DLC, or downloadable content, is big business. In theory, it sounds great for both games developers, publishers and gamers. After all, who doesn’t want the opportunity to get more out of of their favourite gaming experiences? Additional levels, extra weapons or vehicles, without the full cost of buying an entirely new title?

The game as shipped should be a complete, functional experience that does not require DLC to be fully appreciated

In practice though, DLC is a hotbed of contentious issues. A recent trend in gaming is the “shortcut” type DLC, and these seem to infuriate gamers most of all. These shortcuts simply allow you, the player, to exchange more of your real money to unlock items, weapons etc, that could just be unlocked by playing the game. These shortcuts lead to some fantastic headlines in the gaming world, where excitable journalists point out that it is possible to buy a car in Forza or Real Racing that would cost you sixty or more of your hard earned pounds (although I suspect that many games journalists find this particularly annoying because their own cars aren’t actually worth £60).

Bad DLC summed up in one photo.
Bad DLC summed up in one photo.

Unfortunately the simple fact is, the reason companies offer these items for sale is because a small percentage of people will buy them. And if you had the opportunity to sell an item like that, wouldn’t you take it? Zero effort, much reward?

To try and encourage DLC to be done right, here are my rather grandiosely named “The Five Commandments of DLC”:

1) Don’t put it on the disc

If you put locked content that you later sell access to on the disc, you look kinda greedy and stupid. If it’s ready when the disc goes out, surely it should be in the main game? And even if the content was always planned as DLC and is ready when the game is, keep it separate so players at least feel like they’re getting something for their £9.99.

2) Don’t force us to buy it

The game as shipped should be a complete, functional experience that does not require DLC to be fully appreciated. Dead Space 3 got a lot of grief for having microtransactions when it came out, but I played it and at no point did I feel I needed to pay any more money to make progress. There is one caveat to this, which is free-to-play games. As far as I’m concerned, if you don’t pay a penny for the game, then paid for DLC/microtransactions should be expected and you shouldn’t be at all surprised.

3) Don’t mix your models

As a free-to-play game is free to download, it isn’t unreasonable to expect advertising or microtransactions within to raise revenue.

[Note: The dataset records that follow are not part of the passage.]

(* For every $\varepsilon>0$ there exists $\delta>0$ such that whenever $\mu$ is a positive Radon measure on $\mathbb{R}$ satisfying $\mu(I)\le(1+\delta)\mu(J)$ for all adjacent intervals $I,J$ of equal length, then for all $z$ in the upper half-plane $\mathbb{H}=\{\operatorname{Im}z>0\}$, \[\Big|\int_{\mathbb{R}}\frac{d\mu(t)}{(t-z)^2}\Big|\le\varepsilon\int_{\mathbb{R}}\frac{d\mu(t)}{|t-z|^2}<\infty.\] *)

theory Defs
  imports "HOL-Analysis.Analysis"
begin

definition radon_measure_real :: "real measure \<Rightarrow> bool" where
  "radon_measure_real M \<longleftrightarrow> sets M = sets borel \<and> (\<forall>K. compact K \<longrightarrow> emeasure M K < \<infinity>)"

definition adj_interval_cond :: "real \<Rightarrow> real measure \<Rightarrow> bool" where
  "adj_interval_cond \<delta> M \<longleftrightarrow>
     (\<forall>x h. h > 0 \<longrightarrow>
        emeasure M {x - h..x} \<le> ennreal (1 + \<delta>) * emeasure M {x..x + h} \<and>
        emeasure M {x..x + h} \<le> ennreal (1 + \<delta>) * emeasure M {x - h..x})"

end

theory Submission
  imports Defs
begin

text \<open>
  Quasi-symmetric measures are nearly translation invariant at every scale; we show that
  then the second derivative of the Cauchy transform is small compared with the Poisson
  integral.  An affine change of variables sends z to i, so it suffices to treat z = i with
  the kernels cauchy2 s = 1/(s - i)^2 and poisson s = 1/(1 + s^2) = |cauchy2 s|.

  For z = i, fix a dyadic scale R = 2^K and a grid of mesh 1/n on [-R, R).
  (1) Doubling: mu[-2r, 2r] <= (3 + 2 delta) mu[-r, r], so the Poisson weight of
      {|s| >= R} is at most a multiple of (7/8)^K mu[-1, 1]; in particular the Poisson
      integral is finite.
  (2) Consecutive grid cells have mass ratio at most 1 + delta, so for delta small all
      cells carry the mass of the first cell up to a factor 1 + eta.
  (3) On each cell the kernel is almost constant (it is 2-Lipschitz), so the integral over
      [-R, R) is the first cell's mass times a Riemann sum of cauchy2, which is small since
      cauchy2 has the primitive -1/(s - i), decaying at infinity.
  (4) The cells inside [-1, 1] show that n times the mass of a cell is bounded by the
      Poisson integral.
  Choosing K, then n, then eta, then delta makes all error terms smaller than epsilon.
\<close>

definition cauchy2 :: "real \<Rightarrow> complex" where
  "cauchy2 s = 1 / (complex_of_real s - \<i>)\<^sup>2"

definition poisson :: "real \<Rightarrow> real" where
  "poisson s = 1 / (1 + s\<^sup>2)"

definition cauchy_primitive :: "real \<Rightarrow> complex" where
  "cauchy_primitive s = - 1 / (complex_of_real s - \<i>)"

lemma borel_measurable_cauchy2 [measurable]: "cauchy2 \<in> borel_measurable borel"
  unfolding cauchy2_def by measurable

lemma borel_measurable_poisson [measurable]: "poisson \<in> borel_measurable borel"
  unfolding poisson_def by measurable

lemma poisson_pos: "0 < poisson s"
  by (simp add: poisson_def add_pos_nonneg)

lemma poisson_le_1: "poisson s \<le> 1"
  by (simp add: poisson_def add_pos_nonneg)

lemma poisson_ge_half: "\<bar>s\<bar> \<le> 1 \<Longrightarrow> 1/2 \<le> poisson s"
  by (simp add: poisson_def le_divide_eq abs_square_le_1 add_pos_nonneg)

lemma norm_real_minus_i_sq: "(cmod (complex_of_real s - \<i>))\<^sup>2 = 1 + s\<^sup>2"
  by (simp add: cmod_power2)

lemma norm_real_minus_i_ge_1: "1 \<le> cmod (complex_of_real s - \<i>)"
  using norm_real_minus_i_sq[of s] power2_nonneg_ge_1_iff[of "cmod (complex_of_real s - \<i>)"] by simp

lemma norm_cauchy2: "cmod (cauchy2 s) = poisson s"
  by (simp add: cauchy2_def poisson_def norm_divide norm_power norm_real_minus_i_sq)
lemma Least_eq_iff_nat: "\<exists>x. P x \<Longrightarrow> (LEAST x::nat. P x) = n \<longleftrightarrow> P n \<and> (\<forall>k<n. \<not> P k)"
  by (metis LeastI_ex Least_equality not_less not_less_Least)

lemma less_Least_iff_nat: "\<exists>x. P x \<Longrightarrow> n < (LEAST x::nat. P x) \<longleftrightarrow> (\<forall>k\<le>n. \<not> P k)"
  by (metis LeastI_ex le_less_trans not_less not_less_Least)

lemma Tup_eq_enat_iff: "Tup l h = enat t \<longleftrightarrow> rises_by h l t \<and> (\<forall>x<t. \<not> rises_by h l x)"
  unfolding Tup_eq_Least by (auto simp: Least_eq_iff_nat)

lemma m1_eq_iff:
  assumes "Tup l h = enat t"
  shows "m1 l h = a \<longleftrightarrow> a \<le> t \<and> (\<forall>y\<le>t. Vpot l (int a) \<le> Vpot l (int y)) \<and>
    (\<forall>k<a. Vpot l (int a) < Vpot l (int k))"
proof -
  define V where "V j = Vpot l (int j)" for j
  define mn where "mn = Min (V ` {0..t})"
  have mn_le: "mn \<le> V y" if "y \<le> t" for y
    unfolding mn_def using that by (intro Min_le) auto
  have "mn \<in> V ` {0..t}" unfolding mn_def by (intro Min_in) auto
  then obtain x0 where x0: "x0 \<le> t" "V x0 = mn" by auto
  have m1_Least: "m1 l h = (LEAST x. V x = mn)"
    unfolding m1_def assms mn_def V_def by simp
  have "\<exists>x. V x = mn" using x0 by blast
  then have "m1 l h = a \<longleftrightarrow> V a = mn \<and> (\<forall>k<a. V k \<noteq> mn)"
    unfolding m1_Least by (rule Least_eq_iff_nat)
  also have "\<dots> \<longleftrightarrow> a \<le> t \<and> (\<forall>y\<le>t. V a \<le> V y) \<and> (\<forall>k<a. V a < V k)"
  proof
    assume first: "V a = mn \<and> (\<forall>k<a. V k \<noteq> mn)"
    have "a \<le> t"
    proof (rule ccontr)
      assume "\<not> a \<le> t"
      then have "x0 < a" using x0(1) by simp
      then show False using first x0(2) by blast
    qed
    moreover have "V a < V k" if "k < a" for k
    proof -
      have "mn \<le> V k" using mn_le that \<open>a \<le> t\<close> by simp
      moreover have "mn \<noteq> V k" using first that by auto
      ultimately show ?thesis using first by (simp add: order.strict_iff_order)
    qed
    ultimately show "a \<le> t \<and> (\<forall>y\<le>t. V a \<le> V y) \<and> (\<forall>k<a. V a < V k)"
      using first mn_le by simp
  next
    assume least: "a \<le> t \<and> (\<forall>y\<le>t. V a \<le> V y) \<and> (\<forall>k<a. V a < V k)"
    then have "V a = mn" using x0 mn_le by (metis antisym)
    moreover have "V k \<noteq> mn" if "k < a" for k
      using least that \<open>V a = mn\<close> by auto
    ultimately show "V a = mn \<and> (\<forall>k<a. V k \<noteq> mn)" by blast
  qed
  finally show ?thesis unfolding V_def .
qed

lemma Tup_finite_decomposition:
  assumes h: "h > 0" and T: "Tup l h = enat t"
  shows "m1 l h < t \<and> low_point_before_rise h (m1 l h) l \<and>
    first_exit_above h (t - m1 l h) (shift_incr (m1 l h) l)"
proof -
  define V where "V j = Vpot l (int j)" for j
  define m where "m = m1 l h"
  have rise_t: "rises_by h l t" and no_rise: "\<And>x. x < t \<Longrightarrow> \<not> rises_by h l x"
    using T unfolding Tup_eq_enat_iff by auto
  have "m \<le> t" and min_m: "\<And>y. y \<le> t \<Longrightarrow> V m \<le> V y" and strict: "\<And>k. k < m \<Longrightarrow> V m < V k"
    using m1_eq_iff[OF T, of m] unfolding m_def V_def by auto
  obtain i j where ij: "j \<le> t" "i \<le> j" "h \<le> V j - V i"
    using rise_t unfolding rises_by_def V_def by auto
  have "j = t"
    using ij no_rise[of j] unfolding rises_by_def V_def by (meson le_neq_implies_less order_refl)
  with ij min_m[of i] have rise: "h \<le> V t - V m" by auto
  with h \<open>m \<le> t\<close> have "m < t" by (cases "m = t") auto
  have "low_point_before_rise h m l"
    unfolding low_point_before_rise_def using strict no_rise[OF \<open>m < t\<close>] by (simp add: V_def)
  moreover have "first_exit_above h (t - m) (shift_incr m l)"
    unfolding first_exit_above_def Vpot_shift_incr
  proof (intro conjI ballI)
    show "1 \<le> t - m" using \<open>m < t\<close> by simp
    show "h \<le> Vpot l (int (m + (t - m))) - Vpot l (int m)"
      using rise \<open>m < t\<close> by (simp add: V_def)
  next
    fix k assume k: "k \<in> {1..<t - m}"
    show "0 \<le> Vpot l (int (m + k)) - Vpot l (int m)"
      using min_m[of "m + k"] k by (auto simp: V_def)
    have "\<not> rises_by h l (m + k)" using no_rise k by auto
    then show "Vpot l (int (m + k)) - Vpot l (int m) < h"
      unfolding rises_by_def by (meson le_add1 not_less order_refl)
  qed
  ultimately show ?thesis using \<open>m < t\<close> unfolding m_def by simp
qed
lemma algebraic_int_times:
  fixes x y :: "'a :: field_char_0"
  shows "algebraic_int x \<Longrightarrow> algebraic_int y \<Longrightarrow> algebraic_int (x * y)"
  by (meson algebraic_int_imp_int_eigenvalue int_eigenvalue_imp_algebraic_int int_eigenvalue_times)

lemma of_rat_in_Ints_iff: "(of_rat x :: 'a :: field_char_0) \<in> \<int> \<longleftrightarrow> x \<in> \<int>"
proof
  assume "(of_rat x :: 'a) \<in> \<int>"
  then obtain n where "(of_rat x :: 'a) = of_rat (of_int n)"
    by (auto elim: Ints_cases)
  then show "x \<in> \<int>"
    unfolding of_rat_eq_iff by simp
qed (auto elim: Ints_cases)

lemma cmod_eq_1_if_algebraic_int_unit:
  fixes \<mu> \<nu> :: complex
  assumes "algebraic_int \<mu>" "algebraic_int \<nu>" "\<mu> * \<nu> = 1" and "(cmod \<mu>)\<^sup>2 \<in> \<rat>"
  shows "cmod \<mu> = 1"
proof -
  have norm_square_ge_1: "(cmod z)\<^sup>2 \<ge> 1" if "algebraic_int z" "(cmod z)\<^sup>2 \<in> \<rat>" "z \<noteq> 0" for z
  proof -
    have "algebraic_int (z * cnj z)"
      using that(1) by (intro algebraic_int_times) auto
    then have "algebraic_int ((cmod z)\<^sup>2)"
      by (simp only: complex_norm_square[symmetric] algebraic_int_of_real_iff)
    then have "(cmod z)\<^sup>2 \<in> \<int>"
      using that(2) by (rule rational_algebraic_int_is_int)
    then show ?thesis
      using that(3) by (metis Ints_nonzero_abs_ge1 abs_power2 zero_eq_power2 norm_eq_zero)
  qed
  have "\<nu> = inverse \<mu>"
    using assms(3) by (rule inverse_unique[symmetric])
  then have "\<mu> \<noteq> 0" "\<nu> \<noteq> 0" "cmod \<nu> = inverse (cmod \<mu>)"
    using assms(3) by (auto simp: norm_inverse)
  then have "(cmod \<nu>)\<^sup>2 = inverse ((cmod \<mu>)\<^sup>2)"
    by (simp add: power_inverse)
  then have "inverse ((cmod \<mu>)\<^sup>2) \<ge> 1"
    using norm_square_ge_1[of \<nu>] assms(2,4) \<open>\<nu> \<noteq> 0\<close> by simp
  moreover have "(cmod \<mu>)\<^sup>2 \<ge> 1"
    using norm_square_ge_1[of \<mu>] assms(1,4) \<open>\<mu> \<noteq> 0\<close> by simp
  ultimately have "(cmod \<mu>)\<^sup>2 = 1"
    by (simp add: one_le_inverse_iff)
  then show ?thesis
    using norm_ge_zero[of \<mu>] by (auto simp: power2_eq_1_iff)
qed

lemma cmod_Re_of_square_eq:
  fixes X Y c :: real
  assumes "c > 0" "(Complex X Y)\<^sup>2 = of_real c * \<mu>"
  shows "cmod \<mu> = (X\<^sup>2 + Y\<^sup>2) / c" and "Re \<mu> = (X\<^sup>2 - Y\<^sup>2) / c"
proof -
  have "c * cmod \<mu> = cmod ((Complex X Y)\<^sup>2)"
    using assms by (simp add: norm_mult)
  also have "\<dots> = X\<^sup>2 + Y\<^sup>2"
    by (simp add: norm_power complex_norm)
  finally show "cmod \<mu> = (X\<^sup>2 + Y\<^sup>2) / c"
    using assms(1) by (simp add: field_simps)
  have "c * Re \<mu> = Re ((Complex X Y)\<^sup>2)"
    using assms(2) by simp
  also have "\<dots> = X\<^sup>2 - Y\<^sup>2"
    by (simp add: power2_eq_square)
  finally show "Re \<mu> = (X\<^sup>2 - Y\<^sup>2) / c"
    using assms(1) by (simp add: field_simps)
qed

section \<open>The real quadratic field\<close>

lemma sqrt_squarefree_irrational:
  assumes "d > 1" "squarefree d"
  shows "sqrt (real d) \<notin> \<rat>"
proof
  assume "sqrt (real d) \<in> \<rat>"
  moreover have "algebraic_int (sqrt (real d))"
    by (intro algebraic_int_sqrt) simp
  ultimately obtain n where n: "sqrt (real d) = of_int n"
    using rational_algebraic_int_is_int by (blast elim: Ints_cases)
  have "real d = (sqrt (real d))\<^sup>2" by simp
  also have "\<dots> = of_int (n\<^sup>2)" by (simp add: n)
  finally have "int d = n\<^sup>2" by linarith
  then have "d = (nat \<bar>n\<bar>)\<^sup>2" by (simp add: nat_power_eq[symmetric])
  then have "nat \<bar>n\<bar> dvd 1"
    using assms(2) unfolding squarefree_def by simp
  then show False
    using \<open>d = (nat \<bar>n\<bar>)\<^sup>2\<close> assms(1) by simp
qed

lemma sqrt_of_rat_square_in_Qsqrt: "sqrt (of_rat (x\<^sup>2)) \<in> Qsqrt d"
proof -
  have "sqrt (of_rat (x\<^sup>2)) = of_rat \<bar>x\<bar> + of_rat 0 * sqrt (real d)"
    by (simp add: of_rat_power abs_if of_rat_minus)
  then show ?thesis
    unfolding Qsqrt_def by blast
qed

lemma sqrt_of_rat_d_square_in_Qsqrt: "sqrt (of_rat (of_nat d * x\<^sup>2)) \<in> Qsqrt d"
proof -
  have "sqrt (of_rat (of_nat d * x\<^sup>2)) = of_rat 0 + of_rat \<bar>x\<bar> * sqrt (real d)"
    by (simp add: of_rat_power of_rat_mult real_sqrt_mult abs_if of_rat_minus)
  then show ?thesis
    unfolding Qsqrt_def by blast
qed

section \<open>The field \<open>k\<close> and its ring of integers\<close>

lemma of_real_of_rat: "(of_real (of_rat r) :: 'a :: real_field) = of_rat r"
  by (cases r) (simp add: of_rat_rat of_real_divide)

definition kelem :: "nat \<Rightarrow> rat \<Rightarrow> rat \<Rightarrow> rat \<Rightarrow> rat \<Rightarrow> complex" where
  "kelem d p q r s = Complex (of_rat p + of_rat q * sqrt (real d)) (of_rat r + of_rat s * sqrt (real d))"
text \<open>The homotopy \<open>K(t, v) = \<Phi>(P + t\<epsilon>v) / t\<epsilon>\<close>, extended by the derivative at \<open>t = 0\<close>,
  has no zero on the sphere because \<open>P\<close> is the only zero of \<open>\<Phi>\<close> in the ball.\<close>

lemma sphere_degree_isolated_zero:
  fixes \<Phi> L :: "real^4 \<Rightarrow> real^4"
  assumes d: "(\<Phi> has_derivative L) (at P)" and c: "continuous_on UNIV \<Phi>"
    and zero: "\<Phi> P = 0" and det: "det (matrix L) \<noteq> 0" and e: "\<epsilon> > 0"
    and isolated: "\<And>x. x \<in> cball P \<epsilon> \<Longrightarrow> \<Phi> x = 0 \<Longrightarrow> x = P"
  shows "sphere_degree (\<lambda>v. \<Phi> (P + \<epsilon> *\<^sub>R v)) = sphere_degree L"
proof -
  define K where "K = (\<lambda>p::real \<times> (real^4).
      L (snd p) + derivative_remainder \<Phi> L P ((fst p * \<epsilon>) *\<^sub>R snd p))"
  have lin: "linear L" using d has_derivative_linear by blast
  have K_pos: "K (t, v) = \<Phi> (P + (t * \<epsilon>) *\<^sub>R v) /\<^sub>R (t * \<epsilon>)" if "t > 0" "norm v = 1" for t v
    unfolding K_def using derivative_remainder_scaleR[OF lin _ that(2)] that e zero by simp
  have "sphere_degree (\<lambda>v. K (0, v)) = sphere_degree (\<lambda>v. K (1, v))"
  proof (rule sphere_degree_homotopic)
    have "continuous_on ({0..1} \<times> sphere 0 1) (\<lambda>p::real \<times> (real^4). L (snd p))"
      by (rule continuous_on_compose2[OF linear_continuous_on[OF has_derivative_bounded_linear[OF d]]])
        (auto intro: continuous_intros)
    then show "continuous_on ({0..1} \<times> sphere 0 1) K"
      unfolding K_def
      by (intro continuous_intros continuous_on_compose2[OF continuous_on_derivative_remainder[OF d c],
          where f="\<lambda>p. (fst p * \<epsilon>) *\<^sub>R snd p"]) auto
    show "\<forall>t\<in>{0..1}. \<forall>x\<in>sphere 0 1. K (t, x) \<noteq> 0"
    proof (intro ballI)
      fix t x assume t: "t \<in> {0..(1::real)}" and x: "(x::real^4) \<in> sphere 0 1"
      show "K (t, x) \<noteq> 0"
      proof (cases "t = 0")
        case True
        have "inj L" using det det_nz_iff_inj[OF lin] by simp
        then have "L x \<noteq> 0" using x lin linear_injective_0 by fastforce
        then show ?thesis unfolding K_def derivative_remainder_def using True by simp
      next
        case False
        then have "t > 0" using t by simp
        have "P + (t * \<epsilon>) *\<^sub>R x \<in> cball P \<epsilon>" "P + (t * \<epsilon>) *\<^sub>R x \<noteq> P"
          using t x e \<open>t > 0\<close> by (auto simp: dist_norm)
        then have "\<Phi> (P + (t * \<epsilon>) *\<^sub>R x) \<noteq> 0" using isolated by blast
        then show ?thesis using K_pos[OF \<open>t > 0\<close>] x e \<open>t > 0\<close> by simp
      qed
    qed
  qed
  moreover have "(\<lambda>v. K (0, v)) = L" unfolding K_def derivative_remainder_def by auto
  moreover have "sphere_degree (\<lambda>v. K (1, v)) = sphere_degree (\<lambda>v. \<Phi> (P + \<epsilon> *\<^sub>R v))"
    by (rule sphere_degree_cong) (use K_pos[of 1] e in \<open>simp add: sgn_scaleR\<close>)
  ultimately show ?thesis by simp
qed

section \<open>The map \<open>\<phi>\<close> of two mixed polynomials\<close>

lemma vector_2_eq_sum_axis: "(vector [a, b] :: real^2) = a *\<^sub>R axis 1 1 + b *\<^sub>R axis 2 1"
  unfolding vec_eq_iff by (auto simp: axis_def forall_2)
lemma det_dvd_imp_cong_multiple:
  fixes a b s t n :: int
  assumes "gcd (gcd a b) n = 1" and "n dvd s * b - t * a"
  shows "\<exists>k. n dvd s - k * a \<and> n dvd t - k * b"
proof -
  obtain u v where uv: "u * a + v * b = gcd a b"
    using bezout_int by blast
  obtain u' w where "u' * gcd a b + w * n = 1"
    using bezout_int assms(1) by metis
  then have bezout: "(u' * u) * a + (u' * v) * b + w * n = 1"
    unfolding uv [symmetric] by (simp add: algebra_simps)
  obtain c where c: "s * b - t * a = n * c"
    using assms(2) by blast
  define k where "k = u' * u * s + u' * v * t"
  have "n dvd s - k * a"
  proof -
    have "s - k * a = s * ((u' * u) * a + (u' * v) * b + w * n) - k * a"
      by (simp add: bezout)
    also have "\<dots> = u' * v * (s * b - t * a) + s * w * n"
      by (simp add: k_def algebra_simps)
    also have "\<dots> = n * (u' * v * c + s * w)"
      unfolding c by (simp add: algebra_simps)
    finally show ?thesis
      by simp
  qed
  moreover have "n dvd t - k * b"
  proof -
    have "t - k * b = t * ((u' * u) * a + (u' * v) * b + w * n) - k * b"
      by (simp add: bezout)
    also have "\<dots> = - u' * u * (s * b - t * a) + t * w * n"
      by (simp add: k_def algebra_simps)
    also have "\<dots> = n * (t * w - u' * u * c)"
      unfolding c by (simp add: algebra_simps)
    finally show ?thesis
      by simp
  qed
  ultimately show ?thesis
    by blast
qed

lemma has_order_mult_mem: "has_order Lam p d \<Longrightarrow> of_nat d * p \<in> Lam"
  unfolding has_order_def by (metis dvd_refl of_int_of_nat_eq)

lemma has_order_coords_coprime:
  assumes "has_order (lattice w1 w2) p d" and "d > 0"
    and "of_nat d * p = of_int a * w1 + of_int b * w2"
  shows "gcd (gcd a b) (int d) = 1"
proof -
  define g where "g = gcd (gcd a b) (int d)"
  have "g dvd a" "g dvd b" "g dvd int d"
    unfolding g_def by (meson dvd_trans gcd_dvd1 gcd_dvd2)+
  then obtain a' b' d' where a': "a = g * a'" and b': "b = g * b'" and d': "int d = g * d'"
    by (elim dvdE)
  have "g > 0" "d' \<noteq> 0"
    using assms(2) d' by (auto simp: g_def)
  have "of_int g * (of_int d' * p) = (of_nat d * p :: complex)"
    by (metis d' mult.assoc of_int_mult of_int_of_nat_eq)
  also have "\<dots> = of_int g * (of_int a' * w1 + of_int b' * w2)"
    unfolding assms(3) a' b' by (simp add: algebra_simps)
  finally have "of_int g * (of_int d' * p) = of_int g * (of_int a' * w1 + of_int b' * w2)" .
  then have "of_int d' * p \<in> lattice w1 w2"
    using \<open>g > 0\<close> unfolding lattice_iff by auto
  then have "d' * g dvd d'"
    using assms(1) d' unfolding has_order_def by (simp add: mult.commute)
  then show ?thesis
    using \<open>g > 0\<close> \<open>d' \<noteq> 0\<close> zdvd_mult_cancel1 g_def by simp
qed

lemma torsion_dual_imp_coset:
  assumes basis: "lattice_basis w1 w2" and order: "has_order (lattice w1 w2) p d" and "d > 0"
    and dual: "\<forall>x\<in>lattice w1 w2. of_nat d * alt_form w1 w2 z x \<in> \<int>"
    and "of_nat d * alt_form w1 w2 z p \<in> \<int>"
  shows "\<exists>k::int. z - of_int k * p \<in> lattice w1 w2"
proof -
  have scale: "alt_form w1 w2 (of_nat d * u) v = of_nat d * alt_form w1 w2 u v"
    "alt_form w1 w2 u (of_nat d * v) = of_nat d * alt_form w1 w2 u v" for u v
    by (simp_all add: alt_form_def algebra_simps)
  have "of_nat d * z \<in> lattice w1 w2"
    using dual generators_in_lattice
    by (intro alt_form_Ints_imp_lattice [OF basis]) (simp_all add: scale)
  then obtain s t :: int where s_t: "of_nat d * z = of_int s * w1 + of_int t * w2"
    unfolding lattice_iff by blast
  obtain a b :: int where a_b: "of_nat d * p = of_int a * w1 + of_int b * w2"
    using has_order_mult_mem [OF order] unfolding lattice_iff by blast
  obtain c :: int where c: "of_nat d * alt_form w1 w2 z p = of_int c"
    using assms(5) by (blast elim: Ints_cases)
  \<comment> \<open>\<open>E(d z, d p) = d \<cdot> d E(z, p)\<close> is a multiple of \<open>d\<close>; in coordinates it is \<open>\<plusminus>(t a - s b)\<close>.\<close>
  have "of_int (t * a - s * b) * sgn (Im (cnj w1 * w2))
      = alt_form w1 w2 (of_nat d * z) (of_nat d * p)"
    unfolding s_t a_b by (rule alt_form_lattice_coords [symmetric])
  also have "\<dots> = of_int (int d * c)"
    by (simp add: scale c)
  finally have "\<bar>of_int (t * a - s * b) * sgn (Im (cnj w1 * w2))\<bar> = \<bar>of_int (int d * c) :: real\<bar>"
    by simp
  then have "of_int \<bar>t * a - s * b\<bar> = (of_int \<bar>int d * c\<bar> :: real)"
    using basis by (simp add: abs_mult lattice_basis_def)
  then have "\<bar>t * a - s * b\<bar> = \<bar>int d * c\<bar>"
    by (simp only: of_int_eq_iff)
  then have "int d dvd s * b - t * a"
    by (metis dvd_abs_iff dvd_minus_iff dvd_triv_left minus_diff_eq)
  then obtain k where "int d dvd s - k * a" and "int d dvd t - k * b"
    using det_dvd_imp_cong_multiple [OF has_order_coords_coprime [OF order \<open>d > 0\<close> a_b]] by blast
  then obtain M N where M: "s - k * a = int d * M" and N: "t - k * b = int d * N"
    by (auto elim!: dvdE)
  have "of_nat d * (z - of_int k * p) = of_nat d * z - of_int k * (of_nat d * p)"
    by (simp add: algebra_simps)
  also have "\<dots> = of_int (s - k * a) * w1 + of_int (t - k * b) * w2"
    unfolding s_t a_b by (simp add: algebra_simps)
  also have "\<dots> = of_nat d * (of_int M * w1 + of_int N * w2)"
    unfolding M N by (simp add: algebra_simps)
  finally have "of_nat d * (z - of_int k * p) = of_nat d * (of_int M * w1 + of_int N * w2)" .
  then have "z - of_int k * p = of_int M * w1 + of_int N * w2"
    using \<open>d > 0\<close> by simp
  then show ?thesis
    unfolding lattice_iff by blast
qed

But don’t mix these up. If you charge even 69p for a game, don’t then put adverts in it or force your players to make extra purchases to actually make progress.

The Ballad Of Gay Tony: DLC done right, loads of content, multiplayer, single player, etc.
The Ballad of Gay Tony – DLC done right, loads of content, multiplayer, single player, etc.

4) Keep the quality high

Developers and publishers: selling shoddy DLC for a high quality game may seem like a quick win for you, but you’re ultimately just eroding your audience’s faith in your next title. No-one wants to look back on a brilliant game and only remember the piss-poor DLC. It’d be like having a fantastic meal and then instead of a nice chocolate mint with the bill, you get a steaming dog turd.

5) Sell different hats

I honestly don’t know why, but this definitely seems to work.